Pinterest Insider Silbermann Converts Class B, Sells Class A Shares on 08/20/2025
Rhea-AI Filing Summary
Benjamin Silbermann, a director and reported 10% owner of Pinterest, Inc. (PINS), reported transactions dated 08/20/2025 under a Rule 10b5-1 plan. The report shows conversion of 83,333 Class B shares into Class A shares and an additional conversion of 18,750 Class B into Class A. Concurrently, the reporting person sold 83,333 Class A shares and 18,750 Class A shares at a weighted average price of $34.9626 per share under the 10b5-1 plan. After these transactions, the filing reports 83,333 and 18,750 Class A shares beneficially owned in two indirect accounts and discloses prior derivative holdings and RSUs subject to vesting.
Positive
- Transactions executed under a Rule 10b5-1 plan, indicating pre-planned and systematic sales rather than ad hoc insider trading
- Detailed disclosure of weighted average sale price and price range ($34.9626; $34.7050 to $35.1900), supporting transparency
Negative
- Reported sales reduced direct beneficial holdings to zero in the specific indirect accounts reported for the sold lots
- Some RSUs remain subject to vesting, indicating not all economic exposure is immediately liquid or realized
Insights
TL;DR: Insider executed planned sales and conversions under a 10b5-1 plan; disclosed holdings remain largely indirect.
The Form 4 documents mechanical conversions of Class B into Class A shares and sales executed pursuant to a Rule 10b5-1 trading plan adopted 12/13/2024. The reported weighted average sale price of the disposed Class A shares is $34.9626, with sales ranging from $34.7050 to $35.1900. Holdings after the transactions are shown as indirect through family trust and related entities, and the filer disclaims direct beneficial ownership of certain LLC-held shares except to the extent of any pecuniary interest. For investors, this is a routine, pre-planned liquidity event rather than a company performance disclosure.
TL;DR: The filing shows compliance with disclosure rules and use of a 10b5-1 plan, with clear beneficial ownership disclaimers.
The Form 4 clearly states the transactions were effected under a Rule 10b5-1 trading plan and provides the weighted average price range for the sales, which supports transparency. The report includes a specific disclaimer regarding shares held by SFTC, LLC and notes previously reported RSUs subject to vesting.
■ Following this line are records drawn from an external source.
lemma conv_assoc: "(f \<star> g) \<star> h = f \<star> (g \<star> h)"
proof
  fix x
  show "((f \<star> g) \<star> h) x = (f \<star> (g \<star> h)) x"
  proof (cases "x \<in> carrier G")
    case False thus ?thesis by (simp add: conv_out)
  next
    case x: True
    have "((f \<star> g) \<star> h) x = (\<Sum>y\<in>carrier G. (\<Sum>z\<in>carrier G. f z * g (inv z \<otimes> y)) * h (inv y \<otimes> x))"
      using x by (simp add: conv_in)
    also have "\<dots> = (\<Sum>z\<in>carrier G. \<Sum>y\<in>carrier G. f z * g (inv z \<otimes> y) * h (inv y \<otimes> x))"
      unfolding sum_distrib_right by (rule sum.swap)
    also have "\<dots> = (\<Sum>z\<in>carrier G. \<Sum>w\<in>carrier G. f z * g w * h (inv w \<otimes> (inv z \<otimes> x)))"
    proof (rule sum.cong[OF refl])
      fix z assume z: "z \<in> carrier G"
      have "(\<Sum>y\<in>carrier G. f z * g (inv z \<otimes> y) * h (inv y \<otimes> x))
          = (\<Sum>w\<in>carrier G. f z * g (inv z \<otimes> (z \<otimes> w)) * h (inv (z \<otimes> w) \<otimes> x))"
        using z by (rule sum_translate)
      also have "\<dots> = (\<Sum>w\<in>carrier G. f z * g w * h (inv w \<otimes> (inv z \<otimes> x)))"
      proof (intro sum.cong refl)
        fix w assume w: "w \<in> carrier G"
        have "inv z \<otimes> (z \<otimes> w) = w" using z w by (simp add: m_assoc[symmetric])
        moreover have "inv (z \<otimes> w) \<otimes> x = inv w \<otimes> (inv z \<otimes> x)"
          using z w x by (simp add: inv_mult_group m_assoc)
        ultimately show "f z * g (inv z \<otimes> (z \<otimes> w)) * h (inv (z \<otimes> w) \<otimes> x)
            = f z * g w * h (inv w \<otimes> (inv z \<otimes> x))" by (simp only:)
      qed
      finally show "(\<Sum>y\<in>carrier G. f z * g (inv z \<otimes> y) * h (inv y \<otimes> x))
          = (\<Sum>w\<in>carrier G. f z * g w * h (inv w \<otimes> (inv z \<otimes> x)))" .
    qed
    also have "\<dots> = (f \<star> (g \<star> h)) x"
      using x by (simp add: conv_in sum_distrib_left mult.assoc)
    finally show ?thesis .
  qed
qed

lemma conv_delta_left:
  assumes "a \<in> carrier G" "x \<in> carrier G"
  shows "(delta a \<star> f) x = f (inv a \<otimes> x)"
proof -
  have "(delta a \<star> f) x = (\<Sum>y\<in>carrier G. if y = a then f (inv y \<otimes> x) else 0)"
    unfolding conv_in[OF assms(2)] by (intro sum.cong) (auto simp: delta_def)
  also have "\<dots> = f (inv a \<otimes> x)" using assms fin by (subst sum.delta) auto
  finally show ?thesis .
qed

lemma conv_delta_right:
  assumes "a \<in> carrier G" "x \<in> carrier G"
  shows "(f \<star> delta a) x = f (x \<otimes> inv a)"
proof -
  have "(f \<star> delta a) x = (\<Sum>y\<in>carrier G. if y = x \<otimes> inv a then f y else 0)"
    unfolding conv_in[OF assms(2)] delta_def
  proof (intro sum.cong refl)
    fix y assume y: "y \<in> carrier G"
    have "(inv y \<otimes> x = a) = (y = x \<otimes> inv a)"
      using y assms by (metis inv_solve_left inv_solve_right inv_closed)
    thus "f y * (if inv y \<otimes> x = a then 1 else 0) = (if y = x \<otimes> inv a then f y else 0)"
      by simp
  qed
  also have "\<dots> = f (x \<otimes> inv a)" using assms fin by (subst sum.delta) auto
  finally show ?thesis .
qed

lemma delta_mult:
  assumes "a \<in> carrier G" "b \<in> carrier G"
  shows "delta a \<star> delta b = delta (a \<otimes> b)"
proof
  fix x show "(delta a \<star> delta b) x = delta (a \<otimes> b) x"
  proof (cases "x \<in> carrier G")
    case False
    hence "x \<noteq> a \<otimes> b" using assms by auto
    thus ?thesis using False by (simp add: conv_out) (simp add: delta_def)
  next
    case True
    have "(inv a \<otimes> x = b) = (x = a \<otimes> b)" using True assms by (metis inv_solve_left m_closed)
    thus ?thesis using True assms by (simp add: conv_delta_left) (simp add: delta_def)
  qed
qed

lemma delta_one_nonzero: "delta \<one> \<noteq> 0"
  by (auto simp: fun_eq_iff delta_def)

lemma conv_one_left: "f \<in> CG \<Longrightarrow> delta \<one> \<star> f = f"
  and conv_one_right: "f \<in> CG \<Longrightarrow> f \<star> delta \<one> = f"
  by (rule ext, case_tac "x \<in> carrier G", auto simp: conv_delta_left conv_delta_right conv_out grp_alg_def)+

lemma conv_add_left: "(f + g) \<star> h = f \<star> h + g \<star> h"
  by (rule ext, case_tac "x \<in> carrier G") (auto simp: conv_in conv_out distrib_right sum.distrib)

lemma conv_add_right: "h \<star> (f + g) = h \<star> f + h \<star> g"
  by (rule ext, case_tac "x \<in> carrier G") (auto simp: conv_in conv_out distrib_left sum.distrib)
From a governance perspective, the form meets Section 16 disclosure requirements and documents indirect ownership structures common in founder family arrangements.
Insider Trade Summary
| Type | Security | Shares | Price | Value |
|---|---|---|---|---|
| Conversion | Class B Common Stock | 83,333 | $0.00 | -- |
| Conversion | Class B Common Stock | 18,750 | $0.00 | -- |
| Conversion | Class A Common Stock | 83,333 | $0.00 | -- |
| Sale | Class A Common Stock | 83,333 | $34.9626 | $2.91M |
| Conversion | Class A Common Stock | 18,750 | $0.00 | -- |
| Sale | Class A Common Stock | 18,750 | $34.9626 | $656K |
| holding | Class B Common Stock | -- | -- | -- |
| holding | Class A Common Stock | -- | -- | -- |
Footnotes (1)
- Represents the conversion of shares of Class B Common Stock, par value $0.00001 ("Class B Common Stock") into Class A Common Stock, par value $0.00001 ("Class A Common Stock"), in connection with the sale of such shares pursuant to a Rule 10b5-1 trading plan. The sales reported on this Form 4 were effected pursuant to a Rule 10b5-1 trading plan adopted by the reporting person on December 13, 2024. The reported price in Column 4 is a weighted average sale price. These shares were sold in multiple transactions at prices ranging from $34.7050 to $35.1900 per share. The Reporting Person undertakes to provide to the Company, any security holder of the Company or the staff of the Securities and Exchange Commission, upon request, full information regarding the number of shares sold at each separate price within the range set forth in this footnote. Mr. Silbermann disclaims beneficial ownership of the shares held by the SFTC, LLC, a Delaware limited liability company owned by The Silbermann 2012 Irrevocable Trust. This report shall not be deemed an admission that he is the beneficial owner of such shares, except to the extent of his pecuniary interest, if any, in such shares by virtue of certain of his immediate family members' interests in The Silbermann 2012 Irrevocable Trust. Represents previously reported RSUs that are subject to vesting requirements. Each share of Class B Common Stock is convertible at any time at the option of the holder into one share of the Class A Common Stock. Additionally, each share of Class B Common Stock will, subject to certain exceptions, convert automatically into one share of Class A Common Stock upon any transfer, and in other circumstances as outlined in the Issuer's Certificate of Incorporation.